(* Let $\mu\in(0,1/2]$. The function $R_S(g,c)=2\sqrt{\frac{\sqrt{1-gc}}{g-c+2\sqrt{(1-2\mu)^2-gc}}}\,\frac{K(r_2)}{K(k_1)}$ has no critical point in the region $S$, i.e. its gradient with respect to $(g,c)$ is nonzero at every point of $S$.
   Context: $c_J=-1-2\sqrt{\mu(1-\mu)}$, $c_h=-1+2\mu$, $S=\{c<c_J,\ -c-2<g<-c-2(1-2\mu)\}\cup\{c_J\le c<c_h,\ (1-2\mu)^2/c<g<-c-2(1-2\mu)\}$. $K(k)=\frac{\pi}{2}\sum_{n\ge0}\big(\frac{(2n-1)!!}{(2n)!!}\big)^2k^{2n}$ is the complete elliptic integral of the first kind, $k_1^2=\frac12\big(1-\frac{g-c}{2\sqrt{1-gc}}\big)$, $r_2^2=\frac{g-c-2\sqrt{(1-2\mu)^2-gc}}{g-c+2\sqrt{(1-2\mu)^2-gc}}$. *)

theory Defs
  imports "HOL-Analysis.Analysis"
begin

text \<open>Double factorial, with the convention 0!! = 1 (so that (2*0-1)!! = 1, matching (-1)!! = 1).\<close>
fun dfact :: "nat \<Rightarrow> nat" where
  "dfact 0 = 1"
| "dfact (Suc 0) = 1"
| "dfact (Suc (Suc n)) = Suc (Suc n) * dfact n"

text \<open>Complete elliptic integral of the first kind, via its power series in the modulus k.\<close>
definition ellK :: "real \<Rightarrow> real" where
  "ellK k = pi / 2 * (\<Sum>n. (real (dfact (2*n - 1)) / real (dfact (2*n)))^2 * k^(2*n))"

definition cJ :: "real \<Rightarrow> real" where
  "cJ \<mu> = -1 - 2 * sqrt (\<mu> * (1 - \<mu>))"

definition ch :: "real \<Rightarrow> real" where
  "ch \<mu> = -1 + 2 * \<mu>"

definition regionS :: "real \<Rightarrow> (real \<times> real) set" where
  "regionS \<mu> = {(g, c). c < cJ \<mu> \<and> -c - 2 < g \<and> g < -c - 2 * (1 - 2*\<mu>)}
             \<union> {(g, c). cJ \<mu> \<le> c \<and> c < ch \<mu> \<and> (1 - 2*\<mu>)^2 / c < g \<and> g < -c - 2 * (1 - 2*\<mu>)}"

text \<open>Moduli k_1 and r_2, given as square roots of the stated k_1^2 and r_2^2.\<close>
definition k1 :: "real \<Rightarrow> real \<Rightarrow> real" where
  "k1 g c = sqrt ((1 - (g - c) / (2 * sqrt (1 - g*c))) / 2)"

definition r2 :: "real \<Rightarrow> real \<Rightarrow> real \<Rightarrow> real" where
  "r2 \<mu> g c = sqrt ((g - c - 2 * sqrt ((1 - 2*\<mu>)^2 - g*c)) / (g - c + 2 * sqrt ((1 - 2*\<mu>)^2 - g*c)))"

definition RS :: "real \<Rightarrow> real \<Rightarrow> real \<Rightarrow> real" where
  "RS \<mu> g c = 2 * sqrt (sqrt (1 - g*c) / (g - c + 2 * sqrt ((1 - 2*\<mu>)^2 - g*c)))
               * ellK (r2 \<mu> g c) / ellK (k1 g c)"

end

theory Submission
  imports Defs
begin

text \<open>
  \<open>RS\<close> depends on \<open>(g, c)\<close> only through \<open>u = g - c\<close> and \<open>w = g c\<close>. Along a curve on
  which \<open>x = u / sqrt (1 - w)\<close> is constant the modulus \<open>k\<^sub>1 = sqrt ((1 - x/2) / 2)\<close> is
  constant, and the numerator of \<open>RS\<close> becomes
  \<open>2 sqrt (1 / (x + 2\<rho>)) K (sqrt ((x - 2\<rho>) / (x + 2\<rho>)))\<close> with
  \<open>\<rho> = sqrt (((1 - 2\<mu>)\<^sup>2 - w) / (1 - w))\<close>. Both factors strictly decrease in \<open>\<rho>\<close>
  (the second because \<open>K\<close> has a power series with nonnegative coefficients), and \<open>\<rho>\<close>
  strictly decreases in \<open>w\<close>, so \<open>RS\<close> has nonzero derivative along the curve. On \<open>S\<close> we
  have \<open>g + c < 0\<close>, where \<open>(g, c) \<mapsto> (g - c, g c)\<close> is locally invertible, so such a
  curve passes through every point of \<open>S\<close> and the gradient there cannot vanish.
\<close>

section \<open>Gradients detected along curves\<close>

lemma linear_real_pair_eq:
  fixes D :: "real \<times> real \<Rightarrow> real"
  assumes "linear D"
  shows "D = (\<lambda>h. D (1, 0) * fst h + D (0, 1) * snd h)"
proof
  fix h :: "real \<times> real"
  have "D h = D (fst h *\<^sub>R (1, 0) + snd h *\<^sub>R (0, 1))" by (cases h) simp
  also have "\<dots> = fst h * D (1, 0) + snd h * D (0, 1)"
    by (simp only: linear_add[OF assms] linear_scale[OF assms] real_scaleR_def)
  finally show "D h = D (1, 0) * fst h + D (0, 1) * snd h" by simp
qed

==

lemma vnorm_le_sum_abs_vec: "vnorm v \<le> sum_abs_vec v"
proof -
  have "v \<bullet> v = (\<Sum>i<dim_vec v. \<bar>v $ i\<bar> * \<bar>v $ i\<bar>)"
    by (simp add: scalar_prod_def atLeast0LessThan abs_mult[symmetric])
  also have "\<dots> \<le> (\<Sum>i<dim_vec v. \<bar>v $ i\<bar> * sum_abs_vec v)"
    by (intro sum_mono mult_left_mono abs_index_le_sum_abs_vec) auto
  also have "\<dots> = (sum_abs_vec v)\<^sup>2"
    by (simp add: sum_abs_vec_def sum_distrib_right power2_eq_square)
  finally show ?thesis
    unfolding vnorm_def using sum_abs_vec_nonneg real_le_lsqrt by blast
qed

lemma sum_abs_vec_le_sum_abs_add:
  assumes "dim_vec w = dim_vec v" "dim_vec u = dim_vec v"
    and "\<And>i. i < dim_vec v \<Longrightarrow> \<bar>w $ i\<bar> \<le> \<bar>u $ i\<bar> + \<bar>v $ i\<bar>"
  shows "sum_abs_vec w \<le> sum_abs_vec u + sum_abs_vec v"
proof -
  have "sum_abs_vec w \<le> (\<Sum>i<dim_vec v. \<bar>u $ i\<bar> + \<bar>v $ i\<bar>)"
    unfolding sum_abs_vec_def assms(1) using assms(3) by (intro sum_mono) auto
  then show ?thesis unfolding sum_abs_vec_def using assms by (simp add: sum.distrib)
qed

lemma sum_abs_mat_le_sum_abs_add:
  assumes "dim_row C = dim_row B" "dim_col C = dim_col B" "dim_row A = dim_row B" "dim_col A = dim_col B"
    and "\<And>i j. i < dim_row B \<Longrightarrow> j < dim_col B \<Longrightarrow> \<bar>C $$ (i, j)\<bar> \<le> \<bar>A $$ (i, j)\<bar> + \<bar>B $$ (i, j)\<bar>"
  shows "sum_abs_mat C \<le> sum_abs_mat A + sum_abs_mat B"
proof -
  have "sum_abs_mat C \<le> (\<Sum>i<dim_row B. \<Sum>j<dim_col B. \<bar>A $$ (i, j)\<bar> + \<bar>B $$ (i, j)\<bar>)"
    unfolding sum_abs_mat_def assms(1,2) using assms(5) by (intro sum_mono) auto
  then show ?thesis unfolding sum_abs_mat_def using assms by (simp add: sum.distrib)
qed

- TASK INSTRUCTIONS:
Taking the entries above, write out exactly the lines starting with the line containing "(* Let $\mu\in(0,1/2]$." and going on through the line containing "cJ \<mu> \<and>", both included, and nothing else.

- RESPONSE TO THIS TASK:
(* Let $\mu\in(0,1/2]$. The function $R_S(g,c)=2\sqrt{\frac{\sqrt{1-gc}}{g-c+2\sqrt{(1-2\mu)^2-gc}}}\,\frac{K(r_2)}{K(k_1)}$ has no critical point in the region $S$, i.e. its gradient with respect to $(g,c)$ is nonzero at every point of $S$.
   Context: $c_J=-1-2\sqrt{\mu(1-\mu)}$, $c_h=-1+2\mu$, $S=\{c<c_J,\ -c-2<g<-c-2(1-2\mu)\}\cup\{c_J\le c<c_h,\ (1-2\mu)^2/c<g<-c-2(1-2\mu)\}$. $K(k)=\frac{\pi}{2}\sum_{n\ge0}\big(\frac{(2n-1)!!}{(2n)!!}\big)^2k^{2n}$ is the complete elliptic integral of the first kind, $k_1^2=\frac12\big(1-\frac{g-c}{2\sqrt{1-gc}}\big)$, $r_2^2=\frac{g-c-2\sqrt{(1-2\mu)^2-gc}}{g-c+2\sqrt{(1-2\mu)^2-gc}}$. *)

theory Defs
  imports "HOL-Analysis.Analysis"
begin

text \<open>Double factorial, with the convention 0!! = 1 (so that (2*0-1)!! = 1, matching (-1)!! = 1).\<close>
fun dfact :: "nat \<Rightarrow> nat" where
  "dfact 0 = 1"
| "dfact (Suc 0) = 1"
| "dfact (Suc (Suc n)) = Suc (Suc n) * dfact n"

text \<open>Complete elliptic integral of the first kind, via its power series in the modulus k.\<close>
definition ellK :: "real \<Rightarrow> real" where
  "ellK k = pi / 2 * (\<Sum>n. (real (dfact (2*n - 1)) / real (dfact (2*n)))^2 * k^(2*n))"

definition cJ :: "real \<Rightarrow> real" where
  "cJ \<mu> = -1 - 2 * sqrt (\<mu> * (1 - \<mu>))"

definition ch :: "real \<Rightarrow> real" where
  "ch \<mu> = -1 + 2 * \<mu>"

definition regionS :: "real \<Rightarrow> (real \<times> real) set" where
  "regionS \<mu> = {(g, c). c < cJ \<mu> \<and> -c - 2 < g \<and> g < -c - 2 * (1 - 2*\<mu>)}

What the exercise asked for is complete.